You're looking at the top side of Challenger's right wing with the right SRB (please note the word "LOADED" that's stenciled on the side of it, which means that's it's fully fueled and is to be treated with the same respect you'd treat a stick of dynamite with) and also just a teeny little bit of the ET next to it, through some steel framing that was fabricated and installed on the front side of the RSS under an overall heading of "PBK and Contingency Platforms."

"PBK and Contingency Platforms" was a bit of a catch-all heading that encompassed several different sets of platforms located on the front of the RSS, all in the same vague general location of the PCR Doors and to either side, in the area between the RSS Bottom Truss at elevation 135' and the Top Truss at elevation 208'.

"PBK" stood for Payload Bay Kit, and that the Payload Bay Kit involved being able to open the Space Shuttle's Payload Bay Doors manually, using fixtures that could be attached to the outside surface of the Payload Bay Doors, and the platforms that fell under this heading were very small flip-ups that attached directly to the Payload Changeout Room Doors at several different elevations, and which were accessed by a ladder that ran up one panel of each bi-fold PCR door, which afforded access to the whichever flip-up, at whichever elevation, that needed to be gotten to, to work this system, which was on the other panel of the bi-fold door. It sounds fairly involved, but it's not.
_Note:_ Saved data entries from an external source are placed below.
lemma l2_lincomb:
  assumes "x \<in> l2" "y \<in> l2"
  shows "(\<lambda>i. x i + c * y i) \<in> l2"
proof -
  have bound: "(cmod (x i + c * y i))\<^sup>2 \<le> 2 * (cmod (x i))\<^sup>2 + 2 * (cmod c)\<^sup>2 * (cmod (y i))\<^sup>2" for i
  proof -
    have "cmod (x i + c * y i) \<le> cmod (x i) + cmod c * cmod (y i)"
      by (metis norm_mult norm_triangle_ineq)
    hence "(cmod (x i + c * y i))\<^sup>2 \<le> (cmod (x i) + cmod c * cmod (y i))\<^sup>2"
      by (simp add: power_mono)
    also have "\<dots> \<le> 2 * (cmod (x i))\<^sup>2 + 2 * (cmod c)\<^sup>2 * (cmod (y i))\<^sup>2"
      using zero_le_power2[of "cmod (x i) - cmod c * cmod (y i)"]
      by (simp add: power2_eq_square algebra_simps)
    finally show ?thesis .
  qed
  have "(\<lambda>i. 2 * (cmod (x i))\<^sup>2 + 2 * (cmod c)\<^sup>2 * (cmod (y i))\<^sup>2) summable_on UNIV"
    using assms by (intro summable_on_add summable_on_cmult_right) (auto simp: l2_def)
  with bound show ?thesis
    by (auto simp: l2_def intro: summable_on_comparison_test)
qed

lemma l2_add: "x \<in> l2 \<Longrightarrow> y \<in> l2 \<Longrightarrow> (\<lambda>i. x i + y i) \<in> l2"
  using l2_lincomb[of x y 1] by simp

lemma l2_diff: "x \<in> l2 \<Longrightarrow> y \<in> l2 \<Longrightarrow> (\<lambda>i. x i - y i) \<in> l2"
  using l2_lincomb[of x y "-1"] by simp

lemma l2_scale: "x \<in> l2 \<Longrightarrow> (\<lambda>i. c * x i) \<in> l2"
  using l2_lincomb[of "\<lambda>i. 0" x c] by simp

lemma l2_sum:
  assumes "finite F" "\<And>j. j \<in> F \<Longrightarrow> g j \<in> l2"
  shows "(\<lambda>i. \<Sum>j\<in>F. g j i) \<in> l2"
  using assms by (induction F rule: finite_induct) (auto intro: l2_add)

lemma l2_inner_abs_summable:
  assumes "x \<in> l2" "y \<in> l2"
  shows "(\<lambda>i. norm (cnj (x i) * y i)) summable_on UNIV"
proof (rule summable_on_comparison_test)
  show "(\<lambda>i. (cmod (x i))\<^sup>2 + (cmod (y i))\<^sup>2) summable_on UNIV"
    using assms unfolding l2_def by (intro summable_on_add) auto
  show "norm (cnj (x i) * y i) \<le> (cmod (x i))\<^sup>2 + (cmod (y i))\<^sup>2" for i
  proof -
    have "0 \<le> cmod (x i) * cmod (y i)" by simp
    moreover have "2 * (cmod (x i) * cmod (y i)) \<le> (cmod (x i))\<^sup>2 + (cmod (y i))\<^sup>2"
      using zero_le_power2[of "cmod (x i) - cmod (y i)"] by (simp add: power2_diff)
    moreover have "norm (cnj (x i) * y i) = cmod (x i) * cmod (y i)"
      by (simp add: norm_mult)
    ultimately show ?thesis by linarith
  qed
qed simp

lemma l2_inner_summable:
  "x \<in> l2 \<Longrightarrow> y \<in> l2 \<Longrightarrow> (\<lambda>i. cnj (x i) * y i) summable_on UNIV"
  by (rule abs_summable_summable) (rule l2_inner_abs_summable)

lemma l2_inner_commute: "l2_inner y x = cnj (l2_inner x y)"
  unfolding l2_inner_def infsum_cnj[symmetric] by (simp add: mult.commute)

lemma l2_inner_zero_left [simp]: "l2_inner (\<lambda>i. 0) x = 0"
  and l2_inner_zero_right [simp]: "l2_inner x (\<lambda>i. 0) = 0"
  by (simp_all add: l2_inner_def)

lemma l2_inner_lincomb_right:
  assumes "x \<in> l2" "y \<in> l2" "z \<in> l2"
  shows "l2_inner x (\<lambda>i. y i + c * z i) = l2_inner x y + c * l2_inner x z"
proof -
  have "l2_inner x (\<lambda>i. y i + c * z i) = (\<Sum>\<^sub>\<infinity>i. cnj (x i) * y i + c * (cnj (x i) * z i))"
    unfolding l2_inner_def by (simp add: algebra_simps)
  also have "\<dots> = (\<Sum>\<^sub>\<infinity>i. cnj (x i) * y i) + c * (\<Sum>\<^sub>\<infinity>i. cnj (x i) * z i)"
    using assms
    by (simp add: infsum_add infsum_cmult_right summable_on_cmult_right l2_inner_summable)
  finally show ?thesis by (simp add: l2_inner_def)
qed

lemma l2_inner_lincomb_left:
  assumes "x \<in> l2" "y \<in> l2" "z \<in> l2"
  shows "l2_inner (\<lambda>i. y i + c * z i) x = l2_inner y x + cnj c * l2_inner z x"
  using l2_inner_lincomb_right[OF assms, of c]
  by (simp add: l2_inner_commute[of _ x])

lemma l2_inner_diff_left:
  "x \<in> l2 \<Longrightarrow> y \<in> l2 \<Longrightarrow> z \<in> l2 \<Longrightarrow> l2_inner (\<lambda>i. y i - z i) x = l2_inner y x - l2_inner z x"
  using l2_inner_lincomb_left[of x y z "-1"] by simp

lemma l2_inner_diff_right:
  "x \<in> l2 \<Longrightarrow> y \<in> l2 \<Longrightarrow> z \<in> l2 \<Longrightarrow> l2_inner x (\<lambda>i. y i - z i) = l2_inner x y - l2_inner x z"
  using l2_inner_lincomb_right[of x y z "-1"] by simp
(* In every dynamic network congestion game, there exists a blind Nash equilibrium.
   Context: An arena is $\mathcal A=(V,E,\mathsf{src},\mathsf{tgt})$ with $V$ finite, $E$ a partial function from $V\times V$ to non-decreasing piecewise-affine functions $\mathbb N\to\mathbb N$ (edge $e$ has cost function $\ell_e$); $\mathsf{tgt}$ has only a self-loop of constant cost $0$ and is reachable from every state. A dynamic NCG $(\mathcal A,n)$ has players $[n]$ all starting in $\mathsf{src}$; in each step each player simultaneously picks an edge leaving their current state, moves along it and pays $\ell_e(u)$, $u$ being the number of players choosing that same edge $e$ in that step. Strategies map finite histories to edges; $\mathrm{cost}_i(\sigma)$ is player $i$'s total payment along the outcome of $\sigma$ until reaching $\mathsf{tgt}$ ($+\infty$ if never). A strategy is blind if it depends only on the sequence of states visited by the player itself (it follows a fixed path of $\mathcal A$). A blind Nash equilibrium is a profile $\sigma$ of blind strategies such that for all $k$, $\mathrm{cost}_k(\sigma)=\inf_{\sigma'_k\text{ blind}}\mathrm{cost}_k(\langle\sigma_{-k},\sigma'_k\rangle)$, where $\langle\sigma_{-k},\sigma'_k\rangle$ replaces $\sigma_k$ by $\sigma'_k$. *)

theory Defs
  imports Main "HOL-Library.Extended_Nat"
begin

(* An arena: states of a finite type 'v; E v w = Some l means there is an edge
   (v,w) with cost function l; src and tgt are the source and target states. *)

definition affine_on :: "(nat \<Rightarrow> nat) \<Rightarrow> nat set \<Rightarrow> bool" where
  "affine_on f S \<longleftrightarrow> (\<exists>a b :: real. \<forall>x\<in>S. real (f x) = a * real x + b)"

(* f is piecewise affine: finitely many breakpoints B (with 0 \<in> B); on each piece
   [c, next breakpoint) starting at a breakpoint c, f is affine. *)
definition piecewise_affine :: "(nat \<Rightarrow> nat) \<Rightarrow> bool" where
  "piecewise_affine f \<longleftrightarrow>
     (\<exists>B. finite B \<and> 0 \<in> B \<and>
        (\<forall>c\<in>B. affine_on f {x. c \<le> x \<and> (\<forall>b\<in>B. b \<le> c \<or> x < b)}))"

definition arena :: "('v::finite \<Rightarrow> 'v \<Rightarrow> (nat \<Rightarrow> nat) option) \<Rightarrow> 'v \<Rightarrow> 'v \<Rightarrow> bool" where
  "arena E src tgt \<longleftrightarrow>
     (\<forall>v w l. E v w = Some l \<longrightarrow> mono l \<and> piecewise_affine l) \<and>
     (\<forall>w. E tgt w \<noteq> None \<longleftrightarrow> w = tgt) \<and>
     E tgt tgt = Some (\<lambda>_. 0) \<and>
     (\<forall>v. (v, tgt) \<in> {(a, b). E a b \<noteq> None}\<^sup>*)"

(* A blind strategy maps the (nonempty) sequence of states visited by the player
   itself to the next state, i.e. to an edge leaving the current state. *)
definition blind_strategy :: "('v \<Rightarrow> 'v \<Rightarrow> (nat \<Rightarrow> nat) option) \<Rightarrow> ('v list \<Rightarrow> 'v) \<Rightarrow> bool" where
  "blind_strategy E s \<longleftrightarrow> (\<forall>h. h \<noteq> [] \<longrightarrow> E (last h) (s h) \<noteq> None)"

fun hist :: "'v \<Rightarrow> ('v list \<Rightarrow> 'v) \<Rightarrow> nat \<Rightarrow> 'v list" where
  "hist src s 0 = [src]"
| "hist src s (Suc t) = hist src s t @ [s (hist src s t)]"

definition pos :: "'v \<Rightarrow> ('v list \<Rightarrow> 'v) \<Rightarrow> nat \<Rightarrow> 'v" where
  "pos src s t = last (hist src s t)"

definition step_edge :: "'v \<Rightarrow> ('v list \<Rightarrow> 'v) \<Rightarrow> nat \<Rightarrow> 'v \<times> 'v" where
  "step_edge src s t = (pos src s t, pos src s (Suc t))"

definition load :: "'v \<Rightarrow> nat \<Rightarrow> (nat \<Rightarrow> 'v list \<Rightarrow> 'v) \<Rightarrow> nat \<Rightarrow> 'v \<times> 'v \<Rightarrow> nat" where
  "load src n P t e = card {j. j < n \<and> step_edge src (P j) t = e}"

definition step_cost :: "('v \<Rightarrow> 'v \<Rightarrow> (nat \<Rightarrow> nat) option) \<Rightarrow> 'v \<Rightarrow> nat \<Rightarrow>
    (nat \<Rightarrow> 'v list \<Rightarrow> 'v) \<Rightarrow> nat \<Rightarrow> nat \<Rightarrow> nat" where
  "step_cost E src n P i t =
     (let e = step_edge src (P i) t in the (E (fst e) (snd e)) (load src n P t e))"

definition cost :: "('v \<Rightarrow> 'v \<Rightarrow> (nat \<Rightarrow> nat) option) \<Rightarrow> 'v \<Rightarrow> 'v \<Rightarrow> nat \<Rightarrow>
    (nat \<Rightarrow> 'v list \<Rightarrow> 'v) \<Rightarrow> nat \<Rightarrow> enat" where
  "cost E src tgt n P i =
     (if \<exists>t. pos src (P i) t = tgt
      then enat (\<Sum>t < (LEAST t. pos src (P i) t = tgt). step_cost E src n P i t)
      else \<infinity>)"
Just a set of very small flip-up platforms on the PCR doors. Nothing more to it than that.

As far as "Contingency Platforms" is concerned, I never was able to understand the precise nature of whatever "contingency" as may have been referred to, but this part of the platforms set provided access to the orbiter's Aft Engine Compartment, which housed the SSME powerheads and thrust structure, and I suppose they would very much rather not have to get into that area and do work once the vehicle had been rolled out to the pad, but really, I have no idea as to who or what drove this choice of wording in the great scheme of nomenclature surrounding the Space Shuttle.

The platforms themselves (there was a pair of them, one on either side of the orbiter) had a funny double (stacked) monorail beam and hoist apparatus (the 'stacked' nature of this double-monorail system gives you roughly twice the horizontal linear reach of hoist travel in half the space which would be required for a single monorail) which you can see in this image, and which was used to lift into place, such equipment as might be needed near or inside the orbiter's aft compartment, to perform work that might be necessary when the Space Shuttle was sitting on its launch pad, prior to flight. The vertical members of this platform set which faced the wing of the orbiter, were not exactly vertical, but instead were slanted such that they sloped gently away from the RSS going from top to bottom, to take into account the matching slope of the top surface of the orbiter's wing, which they directly abutted.

A side note regarding this platform set: On Pad-A, less than a full month prior to the launch of STS-1 which was the Space Shuttle Program's inaugural flight, an accident claimed the lives of three technicians who had taken the left-hand-side platform set to gain access to the 50-1 door, which provided access to the orbiter's aft engine compartment. In the image above, you are looking at the right-hand-side platform set on Pad-B. This is a dangerous business. This is a business which demands your full respect and attention at all times, and even then it remains a very dangerous business.

And as for the orbiter itself in this picture? And as for Challenger?

What the fuck am I supposed to say, anyway? What the fuck is there to say?